=== Begin Enclosure ===

lemma nbr_sums_eq_bond_energy:
  assumes "\<eta> \<in> configs L"
  shows "(\<Sum>i\<in>Lam L. \<Sum>j\<in>nbrs i \<inter> Lam L. (real_of_int (\<eta> i - \<eta> j))\<^sup>2)
       + 2 * (\<Sum>i\<in>inner_boundary L. \<Sum>j\<in>nbrs i - Lam L. (real_of_int (\<eta> i))\<^sup>2)
       = 2 * bond_energy L \<eta>"
proof (cases "L = 0")
  case True
  then show ?thesis by (simp add: Lam_def inner_boundary_def bond_energy_def)
next
  case False
  then have L1: "1 \<le> int L" by simp
  define I where "I = {1..int L}"
  define D where "D i j = (real_of_int (\<eta> i - \<eta> j))\<^sup>2" for i j
  define w where "w j = (if j \<in> Lam L then 1 else (2::real))" for j
  define hb where "hb x y = w (x + 1, y) * D (x, y) (x + 1, y) + w (x - 1, y) * D (x, y) (x - 1, y)" for x y
  define vb where "vb x y = w (x, y + 1) * D (x, y) (x, y + 1) + w (x, y - 1) * D (x, y) (x, y - 1)" for x y
  have "(\<Sum>j\<in>nbrs i \<inter> Lam L. D i j) + 2 * (\<Sum>j\<in>nbrs i - Lam L. D i j) = (\<Sum>j\<in>nbrs i. w j * D i j)" for i
  proof -
    have "(\<Sum>j\<in>nbrs i. w j * D i j) = (\<Sum>j\<in>nbrs i \<inter> Lam L. w j * D i j) + (\<Sum>j\<in>nbrs i - Lam L. w j * D i j)"
      by (rule sum.Int_Diff) (simp add: nbrs_def)
    then show ?thesis by (simp add: w_def sum_distrib_left)
  qed
  then have "(\<Sum>i\<in>Lam L. \<Sum>j\<in>nbrs i \<inter> Lam L. D i j)
       + 2 * (\<Sum>i\<in>inner_boundary L. \<Sum>j\<in>nbrs i - Lam L. (real_of_int (\<eta> i))\<^sup>2)
       = (\<Sum>i\<in>Lam L. \<Sum>j\<in>nbrs i. w j * D i j)"
    unfolding boundary_sum_eq_outer_bonds[OF assms] D_def[symmetric]
    by (simp add: sum_distrib_left flip: sum.distrib)
  also have "\<dots> = (\<Sum>(x, y)\<in>I \<times> I. hb x y + vb x y)"
    unfolding Lam_def I_def by (intro sum.cong refl) (auto simp: sum_nbrs hb_def vb_def)
  also have "\<dots> = (\<Sum>x\<in>I. \<Sum>y\<in>I. hb x y + vb x y)"
    by (rule sum.cartesian_product[symmetric])
  also have "\<dots> = (\<Sum>y\<in>I. \<Sum>x\<in>I. hb x y) + (\<Sum>x\<in>I. \<Sum>y\<in>I. vb x y)"
    by (simp add: sum.distrib sum.swap[of hb])
  also have "\<dots> = (\<Sum>y\<in>I. 2 * jumps 0 (int L + 1) (\<lambda>x. \<eta> (x, y)))
                 + (\<Sum>x\<in>I. 2 * jumps 0 (int L + 1) (\<lambda>y. \<eta> (x, y)))"
  proof (intro arg_cong2[where f = "(+)"] sum.cong refl)
    fix y assume "y \<in> I"
    then show "(\<Sum>x\<in>I. hb x y) = 2 * jumps 0 (int L + 1) (\<lambda>x. \<eta> (x, y))"
      unfolding jumps_as_line_sum[OF L1, symmetric] I_def
      by (intro sum.cong refl) (simp add: hb_def w_def D_def Lam_def)
  next
    fix x assume "x \<in> I"
    then show "(\<Sum>y\<in>I. vb x y) = 2 * jumps 0 (int L + 1) (\<lambda>y. \<eta> (x, y))"
      unfolding jumps_as_line_sum[OF L1, symmetric] I_def
      by (intro sum.cong refl) (simp add: vb_def w_def D_def Lam_def)
  qed
  finally show ?thesis by (simp add: bond_energy_def I_def sum_distrib_left D_def)
qed

lemma spin_sum_eq_card:
  assumes "\<eta> \<in> configs L"
  shows "lam * (\<Sum>i\<in>Lam L. (real_of_int (\<eta> i))\<^sup>2) + h * (\<Sum>i\<in>Lam L. real_of_int (\<eta> i))
       = (lam - h) * card {i\<in>Lam L. \<eta> i \<noteq> 0} + 2 * h * card {i\<in>Lam L. \<eta> i = 1}"
proof -
  have "lam * (\<Sum>i\<in>Lam L. (real_of_int (\<eta> i))\<^sup>2) + h * (\<Sum>i\<in>Lam L. real_of_int (\<eta> i))
      = (\<Sum>i\<in>Lam L. lam * (real_of_int (\<eta> i))\<^sup>2 + h * real_of_int (\<eta> i))"
    by (simp add: sum.distrib sum_distrib_left)
  also have "\<dots> = (\<Sum>i\<in>Lam L. (lam - h) * of_bool (\<eta> i \<noteq> 0) + 2 * h * of_bool (\<eta> i = 1))"
    using assms by (intro sum.cong refl) (auto simp: configs_def)
  also have "\<dots> = (lam - h) * card {i\<in>Lam L. \<eta> i \<noteq> 0} + 2 * h * card {i\<in>Lam L. \<eta> i = 1}"
    by (simp add: sum.distrib Int_def flip: sum_distrib_left)
  finally show ?thesis .
qed

lemma H_eq_bond_energy:
  assumes "\<eta> \<in> configs L"
  shows "H J lam h L \<eta> = J * bond_energy L \<eta>
           - (lam - h) * card {i\<in>Lam L. \<eta> i \<noteq> 0} - 2 * h * card {i\<in>Lam L. \<eta> i = 1}"
proof -
  have "J / 2 * (\<Sum>i\<in>Lam L. \<Sum>j\<in>nbrs i \<inter> Lam L. (real_of_int (\<eta> i - \<eta> j))\<^sup>2)
      + J * (\<Sum>i\<in>inner_boundary L. \<Sum>j\<in>nbrs i - Lam L. (real_of_int (\<eta> i))\<^sup>2)
      = J / 2 * (2 * bond_energy L \<eta>)"
    unfolding nbr_sums_eq_bond_energy[OF assms, symmetric] by (simp add: algebra_simps)
  then show ?thesis
    using spin_sum_eq_card[OF assms, of lam h] unfolding H_def by simp
qed

definition nonzero_rows :: "nat \<Rightarrow> config \<Rightarrow> int set \<Rightarrow> int set" where
  "nonzero_rows L \<eta> X = {y\<in>{1..int L}. \<exists>x\<in>X. \<eta> (x, y) \<noteq> 0}"

definition nonzero_cols :: "nat \<Rightarrow> config \<Rightarrow> int set \<Rightarrow> int set" where
  "nonzero_cols L \<eta> X = {x\<in>X. \<exists>y\<in>{1..int L}. \<eta> (x, y) \<noteq> 0}"

lemma nonzero_rows_subset: "nonzero_rows L \<eta> X \<subseteq> {1..int L}"
  by (auto simp: nonzero_rows_def)

lemma nonzero_cols_subset: "nonzero_cols L \<eta> X \<subseteq> X"
  by (auto simp: nonzero_cols_def)

lemma card_nonzero_rows_le: "card (nonzero_rows L \<eta> X) \<le> L"
  using card_mono[OF _ nonzero_rows_subset] by simp

lemma finite_nonzero_rows [simp]: "finite (nonzero_rows L \<eta> X)"
  using finite_subset[OF nonzero_rows_subset] by simp

lemma finite_nonzero_cols [simp]: "finite X \<Longrightarrow> finite (nonzero_cols L \<eta> X)"
  using finite_subset[OF nonzero_cols_subset] .

lemma row_jumps_ge_nonzero_rows:
  assumes cf: "\<eta> \<in> configs L" and c: "c \<in> {1..int L}" and zero: "\<forall>y\<in>{1..int L}. \<eta> (c, y) = 0"
  shows "2 * real (card (nonzero_rows L \<eta> {1..<c})) + 2 * real (card (nonzero_rows L \<eta> {c<..int L}))
         \<le> (\<Sum>y\<in>{1..int L}. jumps 0 (int L + 1) (\<lambda>x. \<eta> (x, y)))"
proof -
  have out: "\<eta> (0, y) = 0" "\<eta> (int L + 1, y) = 0" for y
    using configs_outside[OF cf] by (auto simp: Lam_def)
  have "2 * real (card (nonzero_rows L \<eta> {1..<c})) \<le> (\<Sum>y\<in>{1..int L}. jumps 0 c (\<lambda>x. \<eta> (x, y)))"
  proof (rule mult_card_le_sum)
    fix y assume "y \<in> nonzero_rows L \<eta> {1..<c}"
    then obtain x where "y \<in> {1..int L}" "x \<in> {1..<c}" "\<eta> (x, y) \<noteq> 0" by (auto simp: nonzero_rows_def)
    moreover from this have "x \<in> {0..c}" by simp
    ultimately show "2 \<le> jumps 0 c (\<lambda>x. \<eta> (x, y))" using jumps_ge_two[of "\<lambda>x. \<eta> (x, y)" 0 c x] out zero by simp
  qed (auto simp: nonzero_rows_def jumps_nonneg)
  moreover have "2 * real (card (nonzero_rows L \<eta> {c<..int L})) \<le> (\<Sum>y\<in>{1..int L}. jumps c (int L + 1) (\<lambda>x. \<eta> (x, y)))"
  proof (rule mult_card_le_sum)
    fix y assume "y \<in> nonzero_rows L \<eta> {c<..int L}"
    then obtain x where "y \<in> {1..int L}" "x \<in> {c<..int L}" "\<eta> (x, y) \<noteq> 0" by (auto simp: nonzero_rows_def)
    moreover from this have "x \<in> {c..int L + 1}" by simp
    ultimately show "2 \<le> jumps c (int L + 1) (\<lambda>x. \<eta> (x, y))"
      using jumps_ge_two[of "\<lambda>x. \<eta> (x, y)" c "int L + 1" x] out zero by simp
  qed (auto simp: nonzero_rows_def jumps_nonneg)
  moreover have "jumps 0 (int L + 1) f = jumps 0 c f + jumps c (int L + 1) f" for f
    using c by (intro jumps_split) auto
  ultimately show ?thesis by (simp add: sum.distrib)
qed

=== End Enclosure ===

▸ What you should do: Go through the lines above and tally those with the string "assms". The total is all that is needed.

▸ Completed exercise: 4